A licensed clinical psychologist, Hamby has received awards from the National Register for Health Service Providers in Psychology and the American Professional Society on the Abuse of Children.
To learn more about Sherry Hamby, Ph.D., click here.
Richard Gelles, Ph.D., holds The Joanne and Raymond Welsh Chair of Child Welfare and Family Violence in the School of Social Policy & Practice at the University of Pennsylvania. He is the director for the Center for Research on Youth & Social Policy and co-director of the Field Center for Children's Policy Practice & Research.
Gelles is an internationally known expert in domestic violence and child welfare. He was influential in the passage of the Adoption and Safe Families Act of 1997.
Gelles is the author of the highly influential book, The Violent Home, which was the first systematic investigation to provide empirical data on domestic violence. His more recent books, The Book of David: How Preserving Families Can Cost Children's Lives and Intimate Violence in Families and Intimate Violence in Families (third edition), have also made a significant impact in the study of child welfare and family violence. He is the author of 24 books and more than 100 articles, chapters and papers.
Most recently, Gelles co-authored Current Controversies on Family Violence (2005) with M. Cavanaugh and D. Loseke. He is currently in the process of co-authoring another text, Intimate Violence and Abuse in Families.
To learn more about Richard Gelles, Ph.D., click here.
Anna Salter, Ph.D., received her Ph.D., in Clinical Psychology and Public Practice from Harvard University and obtained a masters degree in Child Study from Tufts. She was a Teaching Fellow at both universities.
Salter has lived in Madison, Wisc., since 1996 and consults half time to the Wisconsin Department of Corrections. In addition, she lectures and consults on sex offenders and victims throughout the United States and abroad. She has keynoted conferences on sexual abuse in Australia, New Zealand, Scotland and England. In all, she has conducted trainings in 50 states and 10 countries. Salter also evaluates sex offenders for civil commitment proceedings and other purposes. She testifies as an expert witness in sexual abuse civil and criminal cases.

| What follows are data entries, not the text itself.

(* Let $E$ be an $n$-dimensional normed space over $K$ such that $\dim_{K^\vee}E^\vee=1$. Then all $(n-1)$-dimensional normed spaces of the form $E/[u]$ with $u\in E\setminus\{0\}$ are isometrically isomorphic to each other.
   Context: $K$ is a complete non-archimedean non-trivially valued field which is not spherically complete; $K^\vee$ is a fixed spherically complete immediate extension of $K$. Normed spaces are finite-dimensional non-archimedean normed spaces over $K$; $[u]$ is the $K$-span of $u$ and $E/[u]$ has the quotient norm. A subset $X\subseteq E\setminus\{0\}$ is orthogonal if $\|\sum\lambda_ix_i\|=\max\|\lambda_ix_i\|$ for finitely many distinct $x_i\in X$, $\lambda_i\in K$; $\dim_{K^\vee}E^\vee$ denotes the cardinality of a maximal orthogonal subset of $E$. *)

theory Defs
  imports Complex_Main
begin

definition na_abs :: "('k::field \<Rightarrow> real) \<Rightarrow> bool" where
  "na_abs av \<longleftrightarrow> (\<forall>x. av x \<ge> 0) \<and> (\<forall>x. av x = 0 \<longleftrightarrow> x = 0)
     \<and> (\<forall>x y. av (x * y) = av x * av y)
     \<and> (\<forall>x y. av (x + y) \<le> max (av x) (av y))"

definition abs_nontrivial :: "('k::field \<Rightarrow> real) \<Rightarrow> bool" where
  "abs_nontrivial av \<longleftrightarrow> (\<exists>x. av x \<noteq> 0 \<and> av x \<noteq> 1)"

definition abs_complete :: "('k::field \<Rightarrow> real) \<Rightarrow> bool" where
  "abs_complete av \<longleftrightarrow> (\<forall>X :: nat \<Rightarrow> 'k.
     (\<forall>e>0. \<exists>N. \<forall>m\<ge>N. \<forall>n\<ge>N. av (X m - X n) < e)
     \<longrightarrow> (\<exists>L. \<forall>e>0. \<exists>N. \<forall>n\<ge>N. av (X n - L) < e))"

definition closed_ball_abs :: "('k::field \<Rightarrow> real) \<Rightarrow> 'k \<Rightarrow> real \<Rightarrow> 'k set" where
  "closed_ball_abs av c r = {y. av (y - c) \<le> r}"

definition spherically_complete :: "('k::field \<Rightarrow> real) \<Rightarrow> bool" where
  "spherically_complete av \<longleftrightarrow> (\<forall>\<C>. \<C> \<noteq> {}
      \<and> \<C> \<subseteq> {closed_ball_abs av c r | c r. r > 0}
      \<and> (\<forall>A\<in>\<C>. \<forall>B\<in>\<C>. A \<subseteq> B \<or> B \<subseteq> A)
      \<longrightarrow> \<Inter>\<C> \<noteq> {})"

definition na_norm :: "('k::field \<Rightarrow> real) \<Rightarrow> ('k \<Rightarrow> 'v::ab_group_add \<Rightarrow> 'v) \<Rightarrow> ('v \<Rightarrow> real) \<Rightarrow> bool" where
  "na_norm av scale nv \<longleftrightarrow> (\<forall>x. nv x \<ge> 0) \<and> (\<forall>x. nv x = 0 \<longleftrightarrow> x = 0)
     \<and> (\<forall>a x. nv (scale a x) = av a * nv x)
     \<and> (\<forall>x y. nv (x + y) \<le> max (nv x) (nv y))"

definition orthogonal_set :: "('k::field \<Rightarrow> 'v::ab_group_add \<Rightarrow> 'v) \<Rightarrow> ('v \<Rightarrow> real) \<Rightarrow> 'v set \<Rightarrow> bool" where
  "orthogonal_set scale nv X \<longleftrightarrow> 0 \<notin> X \<and>
     (\<forall>F (c :: 'v \<Rightarrow> 'k). finite F \<and> F \<subseteq> X \<and> F \<noteq> {} \<longrightarrow>
        nv (\<Sum>x\<in>F. scale (c x) x) = (MAX x\<in>F. nv (scale (c x) x)))"

definition maximal_orthogonal_set :: "('k::field \<Rightarrow> 'v::ab_group_add \<Rightarrow> 'v) \<Rightarrow> ('v \<Rightarrow> real) \<Rightarrow> 'v set \<Rightarrow> bool" where
  "maximal_orthogonal_set scale nv X \<longleftrightarrow> orthogonal_set scale nv X \<and>
     (\<forall>Y. orthogonal_set scale nv Y \<and> X \<subseteq> Y \<longrightarrow> Y = X)"

text \<open>The number written dim over K-vee of E-vee: cardinality of a maximal orthogonal subset.\<close>
definition orth_dim :: "('k::field \<Rightarrow> 'v::ab_group_add \<Rightarrow> 'v) \<Rightarrow> ('v \<Rightarrow> real) \<Rightarrow> nat" where
  "orth_dim scale nv = card (SOME X. maximal_orthogonal_set scale nv X)"

definition coset :: "('k::field \<Rightarrow> 'v::ab_group_add \<Rightarrow> 'v) \<Rightarrow> 'v \<Rightarrow> 'v \<Rightarrow> 'v set" where
  "coset scale u x = {x + scale a u | a. True}"

definition quot_space :: "('k::field \<Rightarrow> 'v::ab_group_add \<Rightarrow> 'v) \<Rightarrow> 'v \<Rightarrow> 'v set set" where
  "quot_space scale u = range (coset scale u)"

definition quot_add :: "'v::ab_group_add set \<Rightarrow> 'v set \<Rightarrow> 'v set" where
  "quot_add C D = {c + d | c d. c \<in> C \<and> d \<in> D}"

definition quot_scale :: "('k::field \<Rightarrow> 'v::ab_group_add \<Rightarrow> 'v) \<Rightarrow> 'v \<Rightarrow> 'k \<Rightarrow> 'v set \<Rightarrow> 'v set" where
  "quot_scale scale u a C = {scale a c + scale b u | c b. c \<in> C}"

definition quot_norm :: "('v \<Rightarrow> real) \<Rightarrow> 'v set \<Rightarrow> real" where
  "quot_norm nv C = Inf (nv ` C)"

definition quotients_isometric :: "('k::field \<Rightarrow> 'v::ab_group_add \<Rightarrow> 'v) \<Rightarrow> ('v \<Rightarrow> real) \<Rightarrow> 'v \<Rightarrow> 'v \<Rightarrow> bool" where
  "quotients_isometric scale nv u v \<longleftrightarrow> (\<exists>T.
     bij_betw T (quot_space scale u) (quot_space scale v)
     \<and> (\<forall>C\<in>quot_space scale u. \<forall>D\<in>quot_space scale u. T (quot_add C D) = quot_add (T C) (T D))
     \<and> (\<forall>a. \<forall>C\<in>quot_space scale u. T (quot_scale scale u a C) = quot_scale scale v a (T C))
     \<and> (\<forall>C\<in>quot_space scale u. quot_norm nv (T C) = quot_norm nv C))"

end

theory Submission
  imports Defs
begin

text \<open>Let \<open>{x\<^sub>0}\<close> be a maximal orthogonal set. For \<open>u \<noteq> 0\<close> the pair \<open>{x\<^sub>0, u}\<close> is not
  orthogonal, which produces a multiple \<open>q\<close> of \<open>u\<close> with \<open>\<parallel>q - x\<^sub>0\<parallel> < \<parallel>x\<^sub>0\<parallel>\<close>.
  Over a complete field finite-dimensional subspaces are closed, so for every \<open>\<rho> < 1\<close> there
  is a linear functional \<open>f\<close> with \<open>f x\<^sub>0 = 1\<close> and \<open>\<rho> \<bar>f x\<bar> \<parallel>x\<^sub>0\<parallel> \<le> \<parallel>x\<parallel>\<close>; for \<open>\<rho>\<close> close
  to 1 the map \<open>x \<mapsto> x + f x (q - x\<^sub>0)\<close> moves every \<open>x \<noteq> 0\<close> by less than \<open>\<parallel>x\<parallel>\<close>, hence
  is a linear isometric automorphism sending \<open>x\<^sub>0\<close> to \<open>q\<close>. So all lines \<open>[u]\<close> lie in one
  orbit of the isometry group, and an isometric automorphism carrying \<open>[u]\<close> onto \<open>[w]\<close>
  induces an isometric isomorphism \<open>E/[u] \<cong> E/[w]\<close>.\<close>

lemma eventually_inverse_Suc_less:
  assumes "e > 0"
  shows "\<exists>N. \<forall>k\<ge>N. inverse (real (Suc k)) < e"
proof -
  obtain N where N: "inverse (real (Suc N)) < e"
    using reals_Archimedean assms by blast
  have "inverse (real (Suc k)) \<le> inverse (real (Suc N))" if "k \<ge> N" for k
    using that by (intro le_imp_inverse_le) simp_all
  with N show ?thesis
    by (meson order.strict_trans1)
qed

locale na_normed_space = vector_space scale
  for scale :: "'k::field \<Rightarrow> 'v::ab_group_add \<Rightarrow> 'v" +
  fixes av :: "'k \<Rightarrow> real" and nv :: "'v \<Rightarrow> real"
  assumes na_abs: "na_abs av" and na_norm: "na_norm av scale nv"
begin

sublocale endo: vector_space_pair scale scale ..

sublocale dual: vector_space_pair scale "(*) :: 'k \<Rightarrow> 'k \<Rightarrow> 'k"
  by unfold_locales (simp_all add: algebra_simps)
(* Let $C$ be a convex chain with endpoints $p$ and $q$. If $C$ is contained in $D(p,q)$, then the stretch factor of $C$ is at most $\frac{\pi}{2}$.
   Context: A chain is a sequence of points $p=c_1,\dots,c_m=q$ together with the segments $c_ic_{i+1}$; it is convex if the polygon $c_1c_2\cdots c_m$ is convex (the points are in convex position and appear in this cyclic order on their convex hull). $D(p,q)$ is the closed disk having the segment $pq$ as a diameter. The stretch factor of the chain is the smallest $t$ such that for any two vertices $u,v$ of $C$, the length of the sub-chain of $C$ between $u$ and $v$ is at most $t|uv|$. *)

theory Defs
  imports "HOL-Analysis.Analysis"
begin

type_synonym point = "real \<times> real"

definition cross :: "point \<Rightarrow> point \<Rightarrow> real" where
  "cross u v = fst u * snd v - snd u * fst v"

text \<open>It is convex if the
  polygon c 0 c 1 ... c (m-1) is convex: the points are in convex position and appear in this
  cyclic order on their convex hull, i.e. for a fixed orientation s, every vertex other than the
  endpoints of an edge c i c ((i+1) mod m) lies strictly on the same side of that edge.\<close>
definition convex_chain :: "(nat \<Rightarrow> point) \<Rightarrow> nat \<Rightarrow> bool" where
  "convex_chain c m \<longleftrightarrow> 2 \<le> m \<and> inj_on c {..<m} \<and>
     (\<exists>s::real. (s = 1 \<or> s = -1) \<and>
        (\<forall>i<m. \<forall>j<m. j \<noteq> i \<and> j \<noteq> Suc i mod m \<longrightarrow>
           s * cross (c (Suc i mod m) - c i) (c j - c i) > 0))"

definition chain_set :: "(nat \<Rightarrow> point) \<Rightarrow> nat \<Rightarrow> point set" where
  "chain_set c m = (\<Union>i\<in>{..<m - 1}. closed_segment (c i) (c (Suc i)))"
(* The part Dirichlet forms on $G$ coincide: $(\mathcal{E}^{(s)}_G,\mathcal{F}^{(s)}_G)=(\frac12\mathbf{D}_G,H^1_0(G))$. That is, $\mathcal{F}^{(s)}_G=H^1_0(G)$, where $H^1_0(G)=\{u\in H^1(\mathbf{R}): u=0 \text{ on } F\}$, and the two forms agree on this space.
   Context: Let $m$ be Lebesgue measure on $\mathbf{R}$, and let $(\mathcal{E},\mathcal{F})=(\frac12\mathbf{D},H^1(\mathbf{R}))$ with $\mathbf{D}(u,v)=\int u'v'\,dx$ be the Dirichlet form of one-dimensional Brownian motion on $L^2(\mathbf{R})$. Let $s$ be a strictly increasing absolutely continuous function on $\mathbf{R}$ with $s'\in\{0,1\}$ a.e. Define $\mathcal{F}^{(s)}=\{u\in L^2(\mathbf{R}): u\ll s,\ \int(du/ds)^2ds<\infty\}$ and $\mathcal{E}^{(s)}(u,v)=\frac12\int\frac{du}{ds}\frac{dv}{ds}ds$. Let $G=\{s'=1\}$ (so $ds=1_G\,dx$) and $F=\mathbf{R}\setminus G$. Assume $G$ is open, $m(F)>0$, and $F$ has no isolated points. The part form of $\mathcal{E}^{(s)}$ on $G$ is $\mathcal{F}^{(s)}_G=\{u\in\mathcal{F}^{(s)}: u=0 \text{ on } F\}$ with $\mathcal{E}^{(s)}_G=\mathcal{E}^{(s)}$ on it. Here $u=0$ on $F$ refers to the continuous version of $u$. Similarly $\frac12\mathbf{D}_G$ denotes $\frac12\mathbf{D}$ restricted to $H^1_0(G)$. *)

theory Defs
  imports "HOL-Analysis.Analysis"
begin

text \<open>Functions are represented pointwise by real functions; all members of
  the spaces below are automatically continuous (they are indefinite integrals),
  so pointwise statements refer to the continuous version.\<close>

definition L2 :: "(real \<Rightarrow> real) \<Rightarrow> bool" where
  "L2 u \<longleftrightarrow> u \<in> borel_measurable lebesgue \<and> integrable lebesgue (\<lambda>x. (u x)\<^sup>2)"
(* Let $X,Y$ be topological spaces, $A\subset Y$ a nonempty finite subset, and $C_A^X=X\times A\in M(X,Y)$ the constant multivalued map with value $A$. Then $H_n^M(C_A^X):H_n^M(X)\to H_n^M(Y)$ is the zero homomorphism for every $n>0$.
   Context: A continuous multivalued map $X\to Y$ is a subset $T\subset X\times Y$ such that the restriction of the projection $X\times Y\to X$ to $T$ is proper (universally closed), surjective and has finite fibers; $M(X,Y)$ is the set of these. For $R\in M(X,Y)$, $S\in M(Y,Z)$ the composition $S\circ R\subset X\times Z$ is the image of $(R\times Z)\cap(X\times S)$ under the projection $X\times Y\times Z\to X\times Z$. A continuous single-valued map $f$ is identified with its graph $\mathrm{gr}(f)$. Let $\Delta_n=\{(t_0,\dots,t_n)\in\mathbb{R}^{n+1}: t_i\ge 0,\ \sum t_i=1\}$ and $\delta^n_i:\Delta_{n-1}\to\Delta_n$, $\delta^n_i(t_0,\dots,t_{n-1})=(t_0,\dots,t_{i-1},0,t_i,\dots,t_{n-1})$. Set $S_n^M(X)=M(\Delta_n,X)$, $d^i_n(\alpha)=\alpha\circ\mathrm{gr}(\delta^n_i)$, let $C_n^M(X)$ be the free abelian group on $S_n^M(X)$ with differential $d_n=\sum_{i=0}^n(-1)^i d^i_n$, and $H_n^M(X)=H_n(C_*^M(X))$. For $R\in M(X,Y)$, $H_n^M(R)$ is induced by the chain map $\alpha\mapsto R\circ\alpha$. *)

theory Defs
  imports "HOL-Homology.Homology"
begin

text \<open>A continuous multivalued map from X to Y: a subset T of X \<times> Y such that the
  first projection restricted to T is proper (closed with compact fibres, i.e.
  universally closed), surjective onto X and has finite fibres.\<close>
definition mvmap :: "'a topology \<Rightarrow> 'b topology \<Rightarrow> ('a \<times> 'b) set \<Rightarrow> bool" where
  "mvmap X Y T \<longleftrightarrow>
     T \<subseteq> topspace X \<times> topspace Y \<and>
     proper_map (subtopology (prod_topology X Y) T) X fst \<and>
     fst ` T = topspace X \<and>
     (\<forall>x \<in> topspace X. finite {y. (x, y) \<in> T})"

text \<open>Composition S \<circ> R of R \<subseteq> X \<times> Y and S \<subseteq> Y \<times> Z is the relational composition R O S.\<close>
definition mvcomp :: "('b \<times> 'c) set \<Rightarrow> ('a \<times> 'b) set \<Rightarrow> ('a \<times> 'c) set" where
  "mvcomp S R = R O S"

definition graph_on :: "'a set \<Rightarrow> ('a \<Rightarrow> 'b) \<Rightarrow> ('a \<times> 'b) set" where
  "graph_on D f = {(t, f t) | t. t \<in> D}"

abbreviation simplex_top :: "nat \<Rightarrow> (nat \<Rightarrow> real) topology" where
  "simplex_top n \<equiv> subtopology (powertop_real UNIV) (standard_simplex n)"

definition msimplex :: "nat \<Rightarrow> 'a topology \<Rightarrow> ((nat \<Rightarrow> real) \<times> 'a) set \<Rightarrow> bool" where
  "msimplex n X \<alpha> \<longleftrightarrow> mvmap (simplex_top n) X \<alpha>"

definition mface :: "nat \<Rightarrow> nat \<Rightarrow> ((nat \<Rightarrow> real) \<times> 'a) set \<Rightarrow> ((nat \<Rightarrow> real) \<times> 'a) set" where
  "mface n k \<alpha> = mvcomp \<alpha> (graph_on (standard_simplex (n - 1)) (simplical_face k))"

type_synonym 'a mchain = "((nat \<Rightarrow> real) \<times> 'a) set \<Rightarrow>\<^sub>0 int"

definition mchain :: "nat \<Rightarrow> 'a topology \<Rightarrow> 'a mchain \<Rightarrow> bool" where
  "mchain n X c \<longleftrightarrow> Poly_Mapping.keys c \<subseteq> Collect (msimplex n X)"

definition mboundary :: "nat \<Rightarrow> 'a mchain \<Rightarrow> 'a mchain" where
  "mboundary n c = (if n = 0 then 0 else
     frag_extend (\<lambda>\<alpha>. \<Sum>k\<le>n. frag_cmul ((-1) ^ k) (frag_of (mface n k \<alpha>))) c)"

definition mchain_map :: "('a \<times> 'b) set \<Rightarrow> 'a mchain \<Rightarrow> 'b mchain" where
  "mchain_map R c = frag_extend (\<lambda>\<alpha>. frag_of (mvcomp R \<alpha>)) c"

definition mcycle :: "nat \<Rightarrow> 'a topology \<Rightarrow> 'a mchain \<Rightarrow> bool" where
  "mcycle n X c \<longleftrightarrow> mchain n X c \<and> mboundary n c = 0"

definition mbounding :: "nat \<Rightarrow> 'a topology \<Rightarrow> 'a mchain \<Rightarrow> bool" where
  "mbounding n X c \<longleftrightarrow> (\<exists>d. mchain (Suc n) X d \<and> mboundary (Suc n) d = c)"

text \<open>H_n^M(R) is the zero homomorphism: every n-cycle is mapped to a boundary.\<close>
definition mhom_zero :: "nat \<Rightarrow> 'a topology \<Rightarrow> 'b topology \<Rightarrow> ('a \<times> 'b) set \<Rightarrow> bool" where
  "mhom_zero n X Y R \<longleftrightarrow> (\<forall>c. mcycle n X c \<longrightarrow> mbounding n Y (mchain_map R c))"

end

theory Submission
  imports Defs "HOL-Analysis.Abstract_Topological_Spaces"
begin

text \<open>Composing an M-simplex \<alpha> of X with the constant map X \<times> A always yields the constant
  M-simplex \<kappa>(n) = \<Delta>(n) \<times> A, so the induced chain map sends a chain c to \<epsilon>(c) \<kappa>(n), where
  \<epsilon> is the augmentation (sum of coefficients). All faces of \<kappa>(n+1) equal \<kappa>(n), so
  \<partial>\<kappa>(n+1) = \<kappa>(n) when n is odd. When n > 0 is even, \<epsilon>(\<partial>\<alpha>) = \<Sum>(-1)^k over k \<le> n,
  which is 1 for every simplex \<alpha>; hence \<epsilon>(c) = \<epsilon>(\<partial>c) = 0 for every cycle c.\<close>

lemma mvmap_const:
  assumes "A \<subseteq> topspace Y" and "finite A" and "A \<noteq> {}"
  shows "mvmap X Y (topspace X \<times> A)"
proof -
  have compact: "compact_space (subtopology Y A)"
    by (rule compact_space_subtopology) (simp add: assms finite_imp_compactin)
  have "proper_map (prod_topology X (subtopology Y A)) X fst"
    unfolding proper_map_def
  proof (intro conjI ballI)
    show "closed_map (prod_topology X (subtopology Y A)) X fst"
      using compact by (rule Abstract_Topological_Spaces.closed_map_fst)
  next
    fix x assume x: "x \<in> topspace X"
    have fibre: "{p \<in> topspace (prod_topology X (subtopology Y A)). fst p = x} = {x} \<times> A"
      using x assms(1) by auto
    show "compactin (prod_topology X (subtopology Y A))
            {p \<in> topspace (prod_topology X (subtopology Y A)). fst p = x}"
      unfolding fibre by (rule finite_imp_compactin) (use x assms in auto)
  qed
  moreover have "subtopology (prod_topology X Y) (topspace X \<times> A) = prod_topology X (subtopology Y A)"
    by (simp add: subtopology_Times)
  ultimately show ?thesis
    unfolding mvmap_def using assms by (auto intro: finite_subset[of _ A])
qed

lemma mvcomp_const:
  assumes "msimplex n X \<alpha>"
  shows "mvcomp (topspace X \<times> A) \<alpha> = standard_simplex n \<times> A"
proof -
  have "\<alpha> \<subseteq> standard_simplex n \<times> topspace X" and "fst ` \<alpha> = standard_simplex n"
    using assms unfolding msimplex_def mvmap_def by auto
  then show ?thesis
    unfolding mvcomp_def by force
qed

lemma mchain_map_const:
  assumes "mchain n X c"
  shows "mchain_map (topspace X \<times> A) c = frag_extend (\<lambda>_. frag_of (standard_simplex n \<times> A)) c"
  unfolding mchain_map_def
  by (rule frag_extend_eq) (use assms in \<open>auto simp: mchain_def mvcomp_const\<close>)

lemma mface_const:
  assumes "k \<le> Suc m"
  shows "mface (Suc m) k (standard_simplex (Suc m) \<times> A) = standard_simplex m \<times> A"
  using simplical_face_in_standard_simplex[of "Suc m" k] assms
  unfolding mface_def mvcomp_def graph_on_def by force

lemma sum_alternating_frag_cmul:
  "(\<Sum>k\<le>n. frag_cmul ((-1) ^ k) x) = (if even n then x else 0)"
  by (induction n) auto

lemma frag_extend_frag_extend:
  "frag_extend f (frag_extend g c) = frag_extend (\<lambda>x. frag_extend f (g x)) c"
  using subset_UNIV
  by (induction c rule: frag_induction) (auto simp: frag_extend_diff)

lemma mboundary_frag_extend:
  "mboundary n (frag_extend f c) = frag_extend (\<lambda>x. mboundary n (f x)) c"
  by (simp add: mboundary_def frag_extend_frag_extend frag_extend_eq_0)

lemma mboundary_const:
  "mboundary (Suc m) (frag_of (standard_simplex (Suc m) \<times> A))
     = (if odd m then frag_of (standard_simplex m \<times> A) else 0)"
proof -
  have "mboundary (Suc m) (frag_of (standard_simplex (Suc m) \<times> A))
      = (\<Sum>k\<le>Suc m. frag_cmul ((-1) ^ k) (frag_of (standard_simplex m \<times> A)))"
    unfolding mboundary_def by (auto intro: sum.cong simp: mface_const)
  then show ?thesis
    by (simp add: sum_alternating_frag_cmul)
qed

lemma frag_extend_const_mboundary:
  assumes "n > 0"
  shows "frag_extend (\<lambda>_. x) (mboundary n c) = (if even n then frag_extend (\<lambda>_. x) c else 0)"
proof -
  have "frag_extend (\<lambda>_. x) (mboundary n c)
      = frag_extend (\<lambda>_. \<Sum>k\<le>n. frag_cmul ((-1) ^ k) x) c"
    using assms
    by (simp add: mboundary_def frag_extend_frag_extend frag_extend_sum frag_extend_cmul)
  then show ?thesis
    by (simp add: sum_alternating_frag_cmul frag_extend_eq_0)
qed

lemma mbounding_const_chain:
  assumes "A \<subseteq> topspace Y" and "finite A" and "A \<noteq> {}"
    and "n > 0" and cycle: "mboundary n c = 0"
  shows "mbounding n Y (frag_extend (\<lambda>_. frag_of (standard_simplex n \<times> A)) c)"
proof (cases "even n")
  case True
  then have "frag_extend (\<lambda>_. frag_of (standard_simplex n \<times> A)) c = 0"
    using frag_extend_const_mboundary[OF \<open>n > 0\<close>, of _ c] cycle by simp
  then show ?thesis
    unfolding mbounding_def mchain_def by (intro exI[of _ 0]) (simp add: mboundary_def)
next
  case False
  let ?d = "frag_extend (\<lambda>_. frag_of (standard_simplex (Suc n) \<times> A)) c"
  have "msimplex (Suc n) Y (standard_simplex (Suc n) \<times> A)"
    unfolding msimplex_def using mvmap_const[OF assms(1-3), of "simplex_top (Suc n)"] by simp
  then have "mchain (Suc n) Y ?d"
    unfolding mchain_def using keys_frag_extend[of _ c] by fastforce
  moreover have "mboundary (Suc n) ?d = frag_extend (\<lambda>_. frag_of (standard_simplex n \<times> A)) c"
    using False by (simp add: mboundary_frag_extend mboundary_const)
  ultimately show ?thesis
    unfolding mbounding_def by blast
qed

theorem mainTheorem5:
  fixes X :: "'a topology" and Y :: "'b topology" and A :: "'b set" and n :: nat
  assumes "A \<subseteq> topspace Y" and "finite A" and "A \<noteq> {}" and "n > 0"
  shows "mvmap X Y (topspace X \<times> A) \<and> mhom_zero n X Y (topspace X \<times> A)"
proof
  show "mvmap X Y (topspace X \<times> A)"
    using assms(1-3) by (rule mvmap_const)
  show "mhom_zero n X Y (topspace X \<times> A)"
    unfolding mhom_zero_def mcycle_def
    using mchain_map_const mbounding_const_chain[OF assms] by metis
qed

end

Before moving to Madison, Salter was on the faculty of Dartmouth Medical School in Lebanon, N.H., in the Departments of Psychiatry and Maternal and Child Health. While there, she was director of Psycho-social Training for the Pediatric Residency Program, director of Child Psychiatry Consultation to the Pediatric Ward, co-director of the Parenting Clinic, assistant director of the Children-at-Risk Program and director of the Parents in Distress Program.
Salter is the 1997 winner of the Significant Achievement Award from the Association for the Treatment of Sexual Abusers, and she also won the Saul Blatman Teaching Award in the Department of Pediatrics and Maternal and Child Health. She is the author of several nonfiction books, as well as fiction novels.
Scott Neely serves as Pastoral Executive at First Presbyterian Church in Spartanburg, SC, administering the operations and missions of the church. He guides the congregation’s local and international service work and benevolences. Scott teaches at USC-Upstate as an Instructor of Religion. Scott’s wife, Betsy Claire Neely, serves as the Clinical Counselor at Converse College. They have two children, Ben (4) and Anne (2).